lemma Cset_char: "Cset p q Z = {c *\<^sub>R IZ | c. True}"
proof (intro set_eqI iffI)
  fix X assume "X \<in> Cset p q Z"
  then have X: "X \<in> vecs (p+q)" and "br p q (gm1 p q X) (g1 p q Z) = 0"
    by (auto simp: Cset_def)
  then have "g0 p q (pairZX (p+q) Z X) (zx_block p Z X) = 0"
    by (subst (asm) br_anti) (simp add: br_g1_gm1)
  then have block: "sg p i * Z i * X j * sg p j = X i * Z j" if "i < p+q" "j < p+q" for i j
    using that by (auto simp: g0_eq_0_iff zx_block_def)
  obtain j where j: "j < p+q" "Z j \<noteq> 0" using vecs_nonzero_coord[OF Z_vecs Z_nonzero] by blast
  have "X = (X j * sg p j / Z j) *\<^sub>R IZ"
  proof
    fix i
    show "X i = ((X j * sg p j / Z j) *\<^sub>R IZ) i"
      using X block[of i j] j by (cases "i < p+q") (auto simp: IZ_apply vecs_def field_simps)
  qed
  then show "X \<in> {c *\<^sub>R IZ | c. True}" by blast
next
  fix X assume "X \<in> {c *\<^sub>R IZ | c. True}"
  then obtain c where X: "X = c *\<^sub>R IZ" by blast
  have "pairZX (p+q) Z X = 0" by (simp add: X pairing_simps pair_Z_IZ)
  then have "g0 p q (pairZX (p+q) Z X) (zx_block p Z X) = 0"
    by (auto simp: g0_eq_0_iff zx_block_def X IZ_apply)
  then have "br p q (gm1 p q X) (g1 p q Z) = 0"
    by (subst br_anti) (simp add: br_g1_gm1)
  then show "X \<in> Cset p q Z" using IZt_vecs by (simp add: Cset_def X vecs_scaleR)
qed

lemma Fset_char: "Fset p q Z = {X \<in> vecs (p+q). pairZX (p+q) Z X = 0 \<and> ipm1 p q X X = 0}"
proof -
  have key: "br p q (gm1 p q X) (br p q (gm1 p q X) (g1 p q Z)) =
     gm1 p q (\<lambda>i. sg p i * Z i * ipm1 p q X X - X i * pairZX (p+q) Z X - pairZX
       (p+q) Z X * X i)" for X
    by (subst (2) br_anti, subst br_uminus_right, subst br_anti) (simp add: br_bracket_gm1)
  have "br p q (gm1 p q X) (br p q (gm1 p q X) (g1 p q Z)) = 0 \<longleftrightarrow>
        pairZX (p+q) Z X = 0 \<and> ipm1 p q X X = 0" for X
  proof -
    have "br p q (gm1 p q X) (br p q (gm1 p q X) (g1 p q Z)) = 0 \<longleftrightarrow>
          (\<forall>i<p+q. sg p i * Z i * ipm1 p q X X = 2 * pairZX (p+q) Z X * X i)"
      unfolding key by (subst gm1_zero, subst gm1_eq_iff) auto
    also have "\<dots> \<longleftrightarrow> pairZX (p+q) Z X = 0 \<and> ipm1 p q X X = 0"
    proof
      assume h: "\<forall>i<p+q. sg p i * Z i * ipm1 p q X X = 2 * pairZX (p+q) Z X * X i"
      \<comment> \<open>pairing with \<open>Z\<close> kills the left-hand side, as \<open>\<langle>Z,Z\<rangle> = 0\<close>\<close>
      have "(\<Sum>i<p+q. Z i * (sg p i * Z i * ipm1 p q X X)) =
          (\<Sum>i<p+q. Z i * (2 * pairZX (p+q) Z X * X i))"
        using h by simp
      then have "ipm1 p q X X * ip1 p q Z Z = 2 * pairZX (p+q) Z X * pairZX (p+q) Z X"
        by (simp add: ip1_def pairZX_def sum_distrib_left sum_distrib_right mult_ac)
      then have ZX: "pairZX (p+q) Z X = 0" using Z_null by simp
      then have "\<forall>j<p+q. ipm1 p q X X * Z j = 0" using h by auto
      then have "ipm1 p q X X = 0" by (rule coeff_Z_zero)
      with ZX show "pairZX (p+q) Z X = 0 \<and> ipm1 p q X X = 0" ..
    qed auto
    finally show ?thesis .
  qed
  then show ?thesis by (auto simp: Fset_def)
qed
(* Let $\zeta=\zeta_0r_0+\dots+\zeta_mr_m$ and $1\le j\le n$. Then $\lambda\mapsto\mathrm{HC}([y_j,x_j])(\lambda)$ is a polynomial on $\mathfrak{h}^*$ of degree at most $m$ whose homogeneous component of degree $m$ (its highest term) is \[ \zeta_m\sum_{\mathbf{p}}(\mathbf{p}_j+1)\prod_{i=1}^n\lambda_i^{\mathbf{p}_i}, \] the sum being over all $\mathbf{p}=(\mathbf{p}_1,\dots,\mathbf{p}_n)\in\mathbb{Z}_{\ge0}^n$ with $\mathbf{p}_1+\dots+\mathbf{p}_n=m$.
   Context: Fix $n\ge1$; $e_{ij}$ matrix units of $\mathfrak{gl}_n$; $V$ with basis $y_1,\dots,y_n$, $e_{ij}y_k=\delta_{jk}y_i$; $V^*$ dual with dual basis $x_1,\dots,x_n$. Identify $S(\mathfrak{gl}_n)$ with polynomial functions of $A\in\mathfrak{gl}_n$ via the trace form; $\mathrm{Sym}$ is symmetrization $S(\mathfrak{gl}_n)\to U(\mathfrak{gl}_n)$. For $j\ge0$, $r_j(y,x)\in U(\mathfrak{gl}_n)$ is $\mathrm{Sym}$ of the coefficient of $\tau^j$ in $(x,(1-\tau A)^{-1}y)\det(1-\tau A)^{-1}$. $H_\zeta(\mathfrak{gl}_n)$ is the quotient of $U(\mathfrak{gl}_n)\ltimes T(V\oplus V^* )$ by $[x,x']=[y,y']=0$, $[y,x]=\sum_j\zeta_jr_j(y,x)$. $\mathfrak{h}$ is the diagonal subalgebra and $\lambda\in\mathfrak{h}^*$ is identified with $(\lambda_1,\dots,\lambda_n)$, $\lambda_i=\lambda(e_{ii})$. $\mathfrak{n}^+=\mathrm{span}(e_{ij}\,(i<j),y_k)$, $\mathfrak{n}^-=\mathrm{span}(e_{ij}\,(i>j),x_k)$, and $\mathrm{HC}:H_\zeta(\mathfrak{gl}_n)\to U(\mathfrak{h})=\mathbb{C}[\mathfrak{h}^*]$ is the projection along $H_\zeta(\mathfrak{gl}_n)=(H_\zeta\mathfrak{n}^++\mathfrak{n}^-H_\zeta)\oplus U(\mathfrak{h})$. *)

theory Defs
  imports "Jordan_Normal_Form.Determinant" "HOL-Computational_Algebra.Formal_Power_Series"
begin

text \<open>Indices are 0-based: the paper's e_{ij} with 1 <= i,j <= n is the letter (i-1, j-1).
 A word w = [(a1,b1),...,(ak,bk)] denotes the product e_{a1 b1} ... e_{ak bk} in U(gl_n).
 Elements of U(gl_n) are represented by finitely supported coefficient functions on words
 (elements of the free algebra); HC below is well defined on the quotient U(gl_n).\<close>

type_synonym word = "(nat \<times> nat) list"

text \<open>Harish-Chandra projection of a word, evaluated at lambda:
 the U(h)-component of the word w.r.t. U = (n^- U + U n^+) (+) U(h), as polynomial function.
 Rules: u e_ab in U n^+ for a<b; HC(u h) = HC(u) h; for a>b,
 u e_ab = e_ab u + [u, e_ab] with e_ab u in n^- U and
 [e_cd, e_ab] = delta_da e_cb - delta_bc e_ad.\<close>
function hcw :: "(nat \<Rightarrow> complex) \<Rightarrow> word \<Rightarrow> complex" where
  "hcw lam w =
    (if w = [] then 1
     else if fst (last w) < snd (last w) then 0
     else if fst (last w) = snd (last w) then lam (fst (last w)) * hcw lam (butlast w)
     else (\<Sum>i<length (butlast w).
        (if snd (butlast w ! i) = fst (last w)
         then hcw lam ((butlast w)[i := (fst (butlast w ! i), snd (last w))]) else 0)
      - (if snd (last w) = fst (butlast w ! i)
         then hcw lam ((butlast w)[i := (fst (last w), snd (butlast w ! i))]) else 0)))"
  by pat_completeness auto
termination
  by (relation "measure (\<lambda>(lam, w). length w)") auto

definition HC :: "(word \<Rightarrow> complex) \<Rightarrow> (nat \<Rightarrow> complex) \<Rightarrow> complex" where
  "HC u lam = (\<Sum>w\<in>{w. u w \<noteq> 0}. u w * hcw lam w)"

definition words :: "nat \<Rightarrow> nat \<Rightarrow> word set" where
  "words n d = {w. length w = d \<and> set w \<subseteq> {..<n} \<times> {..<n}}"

-------

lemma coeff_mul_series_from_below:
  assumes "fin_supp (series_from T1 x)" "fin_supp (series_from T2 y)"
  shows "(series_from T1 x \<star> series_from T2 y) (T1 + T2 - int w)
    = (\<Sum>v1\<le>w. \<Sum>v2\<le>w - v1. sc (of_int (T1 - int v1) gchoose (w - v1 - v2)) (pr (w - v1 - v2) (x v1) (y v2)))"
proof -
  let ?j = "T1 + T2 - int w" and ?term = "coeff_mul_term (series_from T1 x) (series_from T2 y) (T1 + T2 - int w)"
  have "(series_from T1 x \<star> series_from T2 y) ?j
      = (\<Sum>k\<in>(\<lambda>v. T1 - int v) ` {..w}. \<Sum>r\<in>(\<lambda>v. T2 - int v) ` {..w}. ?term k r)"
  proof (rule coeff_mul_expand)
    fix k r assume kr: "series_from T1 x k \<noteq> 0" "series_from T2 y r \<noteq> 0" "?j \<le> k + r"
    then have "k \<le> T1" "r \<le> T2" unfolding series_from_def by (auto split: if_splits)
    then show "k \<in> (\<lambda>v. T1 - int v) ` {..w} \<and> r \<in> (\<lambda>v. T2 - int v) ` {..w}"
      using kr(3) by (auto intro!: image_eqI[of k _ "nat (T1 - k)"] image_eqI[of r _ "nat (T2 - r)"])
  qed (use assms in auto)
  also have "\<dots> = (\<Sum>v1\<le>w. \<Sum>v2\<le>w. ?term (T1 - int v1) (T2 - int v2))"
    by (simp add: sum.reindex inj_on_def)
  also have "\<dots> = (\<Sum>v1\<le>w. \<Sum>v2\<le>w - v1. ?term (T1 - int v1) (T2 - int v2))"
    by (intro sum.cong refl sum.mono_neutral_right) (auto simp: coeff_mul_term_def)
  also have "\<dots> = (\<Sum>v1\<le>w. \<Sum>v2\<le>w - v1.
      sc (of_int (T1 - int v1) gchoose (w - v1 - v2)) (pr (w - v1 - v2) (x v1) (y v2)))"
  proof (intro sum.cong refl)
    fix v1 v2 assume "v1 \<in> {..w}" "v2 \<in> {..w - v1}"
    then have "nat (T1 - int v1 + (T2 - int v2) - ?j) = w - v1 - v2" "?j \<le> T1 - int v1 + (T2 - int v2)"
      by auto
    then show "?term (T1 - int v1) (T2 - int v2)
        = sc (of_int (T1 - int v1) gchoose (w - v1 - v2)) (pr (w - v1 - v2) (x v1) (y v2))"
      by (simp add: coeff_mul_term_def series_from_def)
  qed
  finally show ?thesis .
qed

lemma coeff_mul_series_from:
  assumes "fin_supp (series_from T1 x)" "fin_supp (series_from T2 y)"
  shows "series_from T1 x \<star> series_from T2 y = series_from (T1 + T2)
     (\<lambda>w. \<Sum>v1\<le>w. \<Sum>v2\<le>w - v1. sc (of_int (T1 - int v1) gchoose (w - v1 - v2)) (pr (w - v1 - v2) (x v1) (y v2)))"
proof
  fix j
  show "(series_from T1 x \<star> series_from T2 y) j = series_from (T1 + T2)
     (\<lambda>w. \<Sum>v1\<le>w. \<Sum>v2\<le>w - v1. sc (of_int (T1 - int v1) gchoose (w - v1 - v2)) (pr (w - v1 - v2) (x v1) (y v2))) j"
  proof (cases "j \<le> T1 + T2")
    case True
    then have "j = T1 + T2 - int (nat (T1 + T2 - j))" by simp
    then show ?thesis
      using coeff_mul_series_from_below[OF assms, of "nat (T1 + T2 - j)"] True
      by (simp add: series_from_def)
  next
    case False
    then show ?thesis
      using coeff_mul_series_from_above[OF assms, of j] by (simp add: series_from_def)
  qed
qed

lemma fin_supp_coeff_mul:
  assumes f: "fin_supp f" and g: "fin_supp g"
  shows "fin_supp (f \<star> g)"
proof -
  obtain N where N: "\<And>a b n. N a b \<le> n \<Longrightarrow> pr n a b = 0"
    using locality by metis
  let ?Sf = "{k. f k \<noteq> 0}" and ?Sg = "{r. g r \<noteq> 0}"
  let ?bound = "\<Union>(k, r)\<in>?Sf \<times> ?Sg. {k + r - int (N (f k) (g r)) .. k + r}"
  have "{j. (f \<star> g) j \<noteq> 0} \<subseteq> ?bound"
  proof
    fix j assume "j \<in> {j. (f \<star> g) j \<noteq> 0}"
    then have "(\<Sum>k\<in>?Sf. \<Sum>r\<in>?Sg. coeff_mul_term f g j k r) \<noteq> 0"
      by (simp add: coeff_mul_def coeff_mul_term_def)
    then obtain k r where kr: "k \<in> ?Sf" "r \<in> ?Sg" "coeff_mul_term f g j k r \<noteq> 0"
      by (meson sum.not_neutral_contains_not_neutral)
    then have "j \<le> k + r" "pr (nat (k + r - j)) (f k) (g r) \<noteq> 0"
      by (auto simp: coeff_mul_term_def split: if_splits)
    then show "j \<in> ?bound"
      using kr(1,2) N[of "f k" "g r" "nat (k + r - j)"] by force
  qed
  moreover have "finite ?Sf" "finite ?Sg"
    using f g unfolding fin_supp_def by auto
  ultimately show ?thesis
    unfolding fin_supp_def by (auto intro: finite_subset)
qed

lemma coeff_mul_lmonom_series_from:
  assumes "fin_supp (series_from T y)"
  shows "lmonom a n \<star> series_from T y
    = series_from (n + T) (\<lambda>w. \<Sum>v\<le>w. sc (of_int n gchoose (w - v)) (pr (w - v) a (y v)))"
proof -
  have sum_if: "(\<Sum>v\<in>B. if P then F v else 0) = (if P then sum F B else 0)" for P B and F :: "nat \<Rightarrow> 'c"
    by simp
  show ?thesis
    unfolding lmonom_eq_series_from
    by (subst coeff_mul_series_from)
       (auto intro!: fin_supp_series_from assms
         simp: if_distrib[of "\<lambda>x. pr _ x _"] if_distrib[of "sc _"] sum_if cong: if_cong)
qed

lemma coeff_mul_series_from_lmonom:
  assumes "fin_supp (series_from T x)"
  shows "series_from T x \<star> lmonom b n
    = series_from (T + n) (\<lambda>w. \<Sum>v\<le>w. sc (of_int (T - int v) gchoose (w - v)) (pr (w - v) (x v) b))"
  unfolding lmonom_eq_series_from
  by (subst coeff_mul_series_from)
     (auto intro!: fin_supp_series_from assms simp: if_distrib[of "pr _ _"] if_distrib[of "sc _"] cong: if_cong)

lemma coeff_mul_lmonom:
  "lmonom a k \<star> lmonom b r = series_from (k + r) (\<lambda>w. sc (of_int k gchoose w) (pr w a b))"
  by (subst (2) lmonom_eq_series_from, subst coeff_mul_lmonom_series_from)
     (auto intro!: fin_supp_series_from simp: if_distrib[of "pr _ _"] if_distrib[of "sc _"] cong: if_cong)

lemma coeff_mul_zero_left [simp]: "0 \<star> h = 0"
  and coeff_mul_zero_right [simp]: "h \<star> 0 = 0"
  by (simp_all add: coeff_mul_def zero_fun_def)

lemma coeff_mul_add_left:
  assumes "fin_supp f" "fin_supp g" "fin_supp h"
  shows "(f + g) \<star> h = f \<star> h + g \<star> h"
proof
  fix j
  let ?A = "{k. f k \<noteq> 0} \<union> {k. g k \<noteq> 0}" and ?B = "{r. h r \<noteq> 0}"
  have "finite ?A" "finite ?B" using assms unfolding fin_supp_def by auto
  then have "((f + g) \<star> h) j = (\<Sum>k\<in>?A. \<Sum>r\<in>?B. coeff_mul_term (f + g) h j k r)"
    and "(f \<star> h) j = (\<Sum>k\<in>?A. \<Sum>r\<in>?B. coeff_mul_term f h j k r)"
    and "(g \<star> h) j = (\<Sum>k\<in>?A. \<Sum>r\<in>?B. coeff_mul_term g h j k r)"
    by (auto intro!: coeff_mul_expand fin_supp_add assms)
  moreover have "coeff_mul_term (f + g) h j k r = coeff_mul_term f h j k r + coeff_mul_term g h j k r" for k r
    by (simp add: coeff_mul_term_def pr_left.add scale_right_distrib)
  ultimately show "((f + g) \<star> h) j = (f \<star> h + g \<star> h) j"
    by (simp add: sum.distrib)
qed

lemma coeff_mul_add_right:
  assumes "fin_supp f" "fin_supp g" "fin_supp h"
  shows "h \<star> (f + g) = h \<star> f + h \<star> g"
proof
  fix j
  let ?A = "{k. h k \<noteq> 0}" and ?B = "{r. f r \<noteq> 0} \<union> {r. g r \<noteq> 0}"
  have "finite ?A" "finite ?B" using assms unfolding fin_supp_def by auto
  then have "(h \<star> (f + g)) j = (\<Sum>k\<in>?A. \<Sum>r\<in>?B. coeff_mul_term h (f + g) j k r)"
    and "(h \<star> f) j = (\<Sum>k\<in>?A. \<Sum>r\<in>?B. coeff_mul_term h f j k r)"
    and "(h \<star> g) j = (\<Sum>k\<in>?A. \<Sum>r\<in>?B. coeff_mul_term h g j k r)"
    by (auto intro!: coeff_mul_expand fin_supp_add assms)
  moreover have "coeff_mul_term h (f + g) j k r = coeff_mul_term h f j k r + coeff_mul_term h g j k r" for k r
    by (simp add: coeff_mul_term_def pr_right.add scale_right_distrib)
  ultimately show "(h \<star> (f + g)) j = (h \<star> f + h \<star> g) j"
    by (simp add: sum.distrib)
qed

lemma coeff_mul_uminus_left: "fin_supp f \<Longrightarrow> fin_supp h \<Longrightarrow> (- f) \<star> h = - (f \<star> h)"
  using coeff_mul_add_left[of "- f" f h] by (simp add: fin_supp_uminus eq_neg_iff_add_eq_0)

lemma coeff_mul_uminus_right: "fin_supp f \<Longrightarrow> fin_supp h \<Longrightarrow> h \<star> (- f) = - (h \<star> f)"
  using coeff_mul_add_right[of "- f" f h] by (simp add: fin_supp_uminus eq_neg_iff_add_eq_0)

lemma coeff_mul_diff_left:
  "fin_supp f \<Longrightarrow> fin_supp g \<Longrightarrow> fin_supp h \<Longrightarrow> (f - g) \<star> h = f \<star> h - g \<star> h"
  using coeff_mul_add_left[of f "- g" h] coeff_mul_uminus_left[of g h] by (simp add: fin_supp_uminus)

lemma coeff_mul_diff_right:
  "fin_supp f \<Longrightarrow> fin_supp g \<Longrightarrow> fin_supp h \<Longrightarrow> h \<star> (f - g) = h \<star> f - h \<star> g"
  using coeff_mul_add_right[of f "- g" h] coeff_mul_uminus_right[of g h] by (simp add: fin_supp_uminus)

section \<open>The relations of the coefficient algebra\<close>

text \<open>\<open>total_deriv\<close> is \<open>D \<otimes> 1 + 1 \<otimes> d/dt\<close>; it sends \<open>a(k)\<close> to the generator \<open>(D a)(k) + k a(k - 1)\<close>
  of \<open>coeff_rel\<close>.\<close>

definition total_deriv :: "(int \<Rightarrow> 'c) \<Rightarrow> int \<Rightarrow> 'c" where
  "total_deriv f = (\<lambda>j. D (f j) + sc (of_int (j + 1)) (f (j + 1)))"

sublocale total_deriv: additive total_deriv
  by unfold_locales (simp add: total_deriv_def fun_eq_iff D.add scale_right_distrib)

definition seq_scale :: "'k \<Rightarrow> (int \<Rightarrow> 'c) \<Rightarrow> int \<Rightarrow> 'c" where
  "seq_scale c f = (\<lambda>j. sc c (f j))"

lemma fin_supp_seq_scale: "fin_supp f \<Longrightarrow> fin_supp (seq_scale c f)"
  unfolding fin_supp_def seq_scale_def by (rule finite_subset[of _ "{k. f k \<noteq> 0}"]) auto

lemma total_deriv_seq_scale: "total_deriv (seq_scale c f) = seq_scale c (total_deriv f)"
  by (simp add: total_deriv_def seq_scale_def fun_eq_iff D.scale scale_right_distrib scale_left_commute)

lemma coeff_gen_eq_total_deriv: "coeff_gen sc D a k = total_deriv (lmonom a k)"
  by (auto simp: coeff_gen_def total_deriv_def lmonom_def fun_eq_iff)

-------

WHAT IS REQUIRED:
The word "finally" occurs on some lines of the data. Give the number of those lines only.

ANSWER TO THE PROBLEM:
2